=== ACTIVITY ===
Stop after the line containing "prod.swap) (rev vs)": print each line exactly from the first line of the listing up to that point.

=== EXERCISE MATERIALS ===

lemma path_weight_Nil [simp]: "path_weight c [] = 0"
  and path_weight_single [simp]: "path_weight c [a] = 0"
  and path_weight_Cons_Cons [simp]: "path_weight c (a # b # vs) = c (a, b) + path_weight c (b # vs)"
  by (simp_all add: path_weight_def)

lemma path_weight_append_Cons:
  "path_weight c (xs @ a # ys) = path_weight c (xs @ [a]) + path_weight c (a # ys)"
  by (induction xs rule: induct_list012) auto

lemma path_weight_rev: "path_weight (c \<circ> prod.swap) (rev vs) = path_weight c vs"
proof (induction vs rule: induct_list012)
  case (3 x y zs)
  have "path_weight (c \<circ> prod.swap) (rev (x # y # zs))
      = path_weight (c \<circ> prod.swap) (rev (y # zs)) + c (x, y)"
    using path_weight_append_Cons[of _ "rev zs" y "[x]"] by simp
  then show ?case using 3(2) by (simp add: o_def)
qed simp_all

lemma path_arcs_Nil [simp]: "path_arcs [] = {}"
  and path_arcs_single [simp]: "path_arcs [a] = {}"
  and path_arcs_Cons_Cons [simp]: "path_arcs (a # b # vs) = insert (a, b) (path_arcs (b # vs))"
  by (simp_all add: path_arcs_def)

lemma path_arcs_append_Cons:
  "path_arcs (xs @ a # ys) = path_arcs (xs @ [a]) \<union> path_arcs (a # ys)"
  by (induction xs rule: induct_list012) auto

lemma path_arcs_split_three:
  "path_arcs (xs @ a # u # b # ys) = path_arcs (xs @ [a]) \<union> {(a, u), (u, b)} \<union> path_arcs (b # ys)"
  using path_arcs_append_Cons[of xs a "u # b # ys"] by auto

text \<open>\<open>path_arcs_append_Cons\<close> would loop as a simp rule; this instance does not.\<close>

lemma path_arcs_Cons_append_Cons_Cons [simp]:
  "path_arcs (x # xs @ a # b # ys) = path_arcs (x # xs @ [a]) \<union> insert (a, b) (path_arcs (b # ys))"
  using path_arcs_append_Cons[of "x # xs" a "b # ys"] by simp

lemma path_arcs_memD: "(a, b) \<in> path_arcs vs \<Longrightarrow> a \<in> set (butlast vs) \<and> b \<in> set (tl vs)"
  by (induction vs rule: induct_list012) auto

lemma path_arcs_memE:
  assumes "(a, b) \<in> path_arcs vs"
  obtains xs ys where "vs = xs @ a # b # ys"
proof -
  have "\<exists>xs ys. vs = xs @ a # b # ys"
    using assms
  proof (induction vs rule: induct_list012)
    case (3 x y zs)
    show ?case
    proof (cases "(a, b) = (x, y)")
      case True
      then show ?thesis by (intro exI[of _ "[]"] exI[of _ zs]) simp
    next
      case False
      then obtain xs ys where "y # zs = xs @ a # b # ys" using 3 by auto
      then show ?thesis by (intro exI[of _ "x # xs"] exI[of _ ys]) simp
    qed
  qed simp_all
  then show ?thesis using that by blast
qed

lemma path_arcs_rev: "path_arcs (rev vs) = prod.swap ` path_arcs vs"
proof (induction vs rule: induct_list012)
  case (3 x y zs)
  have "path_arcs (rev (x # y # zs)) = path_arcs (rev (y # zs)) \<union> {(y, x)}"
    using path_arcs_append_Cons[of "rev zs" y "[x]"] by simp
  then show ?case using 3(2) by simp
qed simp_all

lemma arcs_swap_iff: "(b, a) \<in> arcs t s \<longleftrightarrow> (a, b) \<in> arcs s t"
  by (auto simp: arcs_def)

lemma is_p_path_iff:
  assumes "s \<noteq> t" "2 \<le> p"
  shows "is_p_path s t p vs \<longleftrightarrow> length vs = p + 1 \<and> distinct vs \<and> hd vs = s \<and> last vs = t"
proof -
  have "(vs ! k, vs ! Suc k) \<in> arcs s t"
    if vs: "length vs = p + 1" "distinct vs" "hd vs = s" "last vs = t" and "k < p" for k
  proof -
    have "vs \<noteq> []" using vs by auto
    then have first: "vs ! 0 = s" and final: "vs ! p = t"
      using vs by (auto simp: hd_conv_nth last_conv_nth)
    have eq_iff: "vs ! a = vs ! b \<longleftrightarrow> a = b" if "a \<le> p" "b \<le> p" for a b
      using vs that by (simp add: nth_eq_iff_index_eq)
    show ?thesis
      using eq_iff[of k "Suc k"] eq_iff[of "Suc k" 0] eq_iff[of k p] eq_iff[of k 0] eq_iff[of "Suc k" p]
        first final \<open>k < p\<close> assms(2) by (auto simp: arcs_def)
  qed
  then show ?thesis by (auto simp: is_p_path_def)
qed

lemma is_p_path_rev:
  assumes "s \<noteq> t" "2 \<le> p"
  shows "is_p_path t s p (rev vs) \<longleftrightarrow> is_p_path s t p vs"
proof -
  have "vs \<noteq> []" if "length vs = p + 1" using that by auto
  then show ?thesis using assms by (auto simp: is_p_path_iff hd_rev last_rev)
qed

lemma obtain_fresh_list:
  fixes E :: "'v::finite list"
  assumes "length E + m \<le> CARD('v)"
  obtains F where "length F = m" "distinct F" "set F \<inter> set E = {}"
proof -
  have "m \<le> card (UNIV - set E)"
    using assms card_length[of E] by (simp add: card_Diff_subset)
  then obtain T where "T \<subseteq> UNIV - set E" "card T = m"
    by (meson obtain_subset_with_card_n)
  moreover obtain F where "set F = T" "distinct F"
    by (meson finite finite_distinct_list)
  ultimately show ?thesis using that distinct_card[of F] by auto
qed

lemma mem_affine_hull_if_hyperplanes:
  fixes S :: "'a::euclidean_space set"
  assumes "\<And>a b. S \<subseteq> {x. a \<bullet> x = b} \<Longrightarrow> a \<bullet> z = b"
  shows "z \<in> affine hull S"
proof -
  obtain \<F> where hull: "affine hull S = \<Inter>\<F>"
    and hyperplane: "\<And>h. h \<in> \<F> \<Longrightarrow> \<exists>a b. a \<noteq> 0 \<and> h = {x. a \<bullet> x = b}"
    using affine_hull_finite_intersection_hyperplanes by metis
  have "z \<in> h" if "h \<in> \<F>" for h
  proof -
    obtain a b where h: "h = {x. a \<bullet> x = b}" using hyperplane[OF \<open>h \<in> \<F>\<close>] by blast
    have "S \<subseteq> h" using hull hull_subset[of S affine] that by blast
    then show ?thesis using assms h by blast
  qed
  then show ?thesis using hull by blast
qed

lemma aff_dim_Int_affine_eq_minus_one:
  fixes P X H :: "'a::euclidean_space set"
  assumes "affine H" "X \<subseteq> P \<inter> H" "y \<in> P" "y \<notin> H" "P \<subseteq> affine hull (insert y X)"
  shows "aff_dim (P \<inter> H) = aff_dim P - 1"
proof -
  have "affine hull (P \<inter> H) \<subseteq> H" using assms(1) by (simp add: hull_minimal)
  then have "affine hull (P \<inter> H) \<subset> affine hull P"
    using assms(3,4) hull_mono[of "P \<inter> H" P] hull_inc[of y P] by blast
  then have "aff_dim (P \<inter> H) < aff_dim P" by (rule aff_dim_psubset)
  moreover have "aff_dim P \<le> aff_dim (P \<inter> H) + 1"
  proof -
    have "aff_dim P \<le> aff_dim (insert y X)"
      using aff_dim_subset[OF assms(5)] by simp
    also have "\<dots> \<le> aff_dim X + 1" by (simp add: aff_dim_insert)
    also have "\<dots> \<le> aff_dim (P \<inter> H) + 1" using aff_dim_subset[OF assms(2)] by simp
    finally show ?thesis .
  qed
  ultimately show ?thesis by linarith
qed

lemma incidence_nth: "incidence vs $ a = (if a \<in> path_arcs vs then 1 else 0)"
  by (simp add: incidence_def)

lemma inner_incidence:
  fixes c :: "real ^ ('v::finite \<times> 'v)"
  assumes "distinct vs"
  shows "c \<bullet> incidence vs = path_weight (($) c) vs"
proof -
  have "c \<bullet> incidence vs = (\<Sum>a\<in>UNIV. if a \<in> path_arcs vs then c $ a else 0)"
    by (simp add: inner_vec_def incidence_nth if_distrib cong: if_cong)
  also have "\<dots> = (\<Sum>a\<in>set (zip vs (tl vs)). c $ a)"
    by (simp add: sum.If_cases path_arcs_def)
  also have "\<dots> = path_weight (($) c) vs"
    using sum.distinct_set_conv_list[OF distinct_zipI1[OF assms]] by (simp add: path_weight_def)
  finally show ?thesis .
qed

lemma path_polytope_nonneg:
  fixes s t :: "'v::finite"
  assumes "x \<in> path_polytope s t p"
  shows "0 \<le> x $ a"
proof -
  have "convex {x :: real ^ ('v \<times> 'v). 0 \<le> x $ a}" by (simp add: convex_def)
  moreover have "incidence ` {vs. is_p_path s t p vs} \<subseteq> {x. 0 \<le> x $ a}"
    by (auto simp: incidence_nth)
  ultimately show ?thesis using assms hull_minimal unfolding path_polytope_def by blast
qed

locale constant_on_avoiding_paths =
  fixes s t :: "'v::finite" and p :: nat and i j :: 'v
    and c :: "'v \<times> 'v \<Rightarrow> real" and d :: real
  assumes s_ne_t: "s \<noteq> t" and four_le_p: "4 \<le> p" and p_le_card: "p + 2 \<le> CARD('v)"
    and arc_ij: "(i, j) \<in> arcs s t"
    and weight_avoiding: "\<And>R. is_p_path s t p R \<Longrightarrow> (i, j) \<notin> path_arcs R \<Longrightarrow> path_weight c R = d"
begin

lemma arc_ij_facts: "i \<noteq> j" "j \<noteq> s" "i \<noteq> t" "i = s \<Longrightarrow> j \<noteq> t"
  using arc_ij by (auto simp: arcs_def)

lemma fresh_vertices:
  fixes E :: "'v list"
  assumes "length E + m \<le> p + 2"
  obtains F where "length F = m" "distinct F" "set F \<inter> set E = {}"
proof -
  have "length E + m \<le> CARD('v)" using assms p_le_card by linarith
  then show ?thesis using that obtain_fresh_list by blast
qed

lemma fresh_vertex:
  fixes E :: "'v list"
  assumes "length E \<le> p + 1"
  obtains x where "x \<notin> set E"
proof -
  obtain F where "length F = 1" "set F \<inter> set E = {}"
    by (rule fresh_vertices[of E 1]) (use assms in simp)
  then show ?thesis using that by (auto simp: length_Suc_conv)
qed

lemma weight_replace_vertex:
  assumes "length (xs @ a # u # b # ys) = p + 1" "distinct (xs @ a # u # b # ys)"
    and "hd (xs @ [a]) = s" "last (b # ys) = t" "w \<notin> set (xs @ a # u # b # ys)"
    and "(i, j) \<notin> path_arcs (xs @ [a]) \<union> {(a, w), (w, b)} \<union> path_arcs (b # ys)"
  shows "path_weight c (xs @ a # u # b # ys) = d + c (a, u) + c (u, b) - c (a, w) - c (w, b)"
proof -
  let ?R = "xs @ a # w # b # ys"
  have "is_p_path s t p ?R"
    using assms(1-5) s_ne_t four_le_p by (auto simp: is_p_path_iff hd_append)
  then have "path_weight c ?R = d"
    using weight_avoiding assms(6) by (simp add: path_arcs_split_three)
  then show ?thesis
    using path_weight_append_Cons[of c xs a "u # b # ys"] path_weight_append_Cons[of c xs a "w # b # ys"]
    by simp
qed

=== ANSWER TO THE PROBLEM ===
lemma path_weight_Nil [simp]: "path_weight c [] = 0"
  and path_weight_single [simp]: "path_weight c [a] = 0"
  and path_weight_Cons_Cons [simp]: "path_weight c (a # b # vs) = c (a, b) + path_weight c (b # vs)"
  by (simp_all add: path_weight_def)

lemma path_weight_append_Cons:
  "path_weight c (xs @ a # ys) = path_weight c (xs @ [a]) + path_weight c (a # ys)"
  by (induction xs rule: induct_list012) auto

lemma path_weight_rev: "path_weight (c \<circ> prod.swap) (rev vs) = path_weight c vs"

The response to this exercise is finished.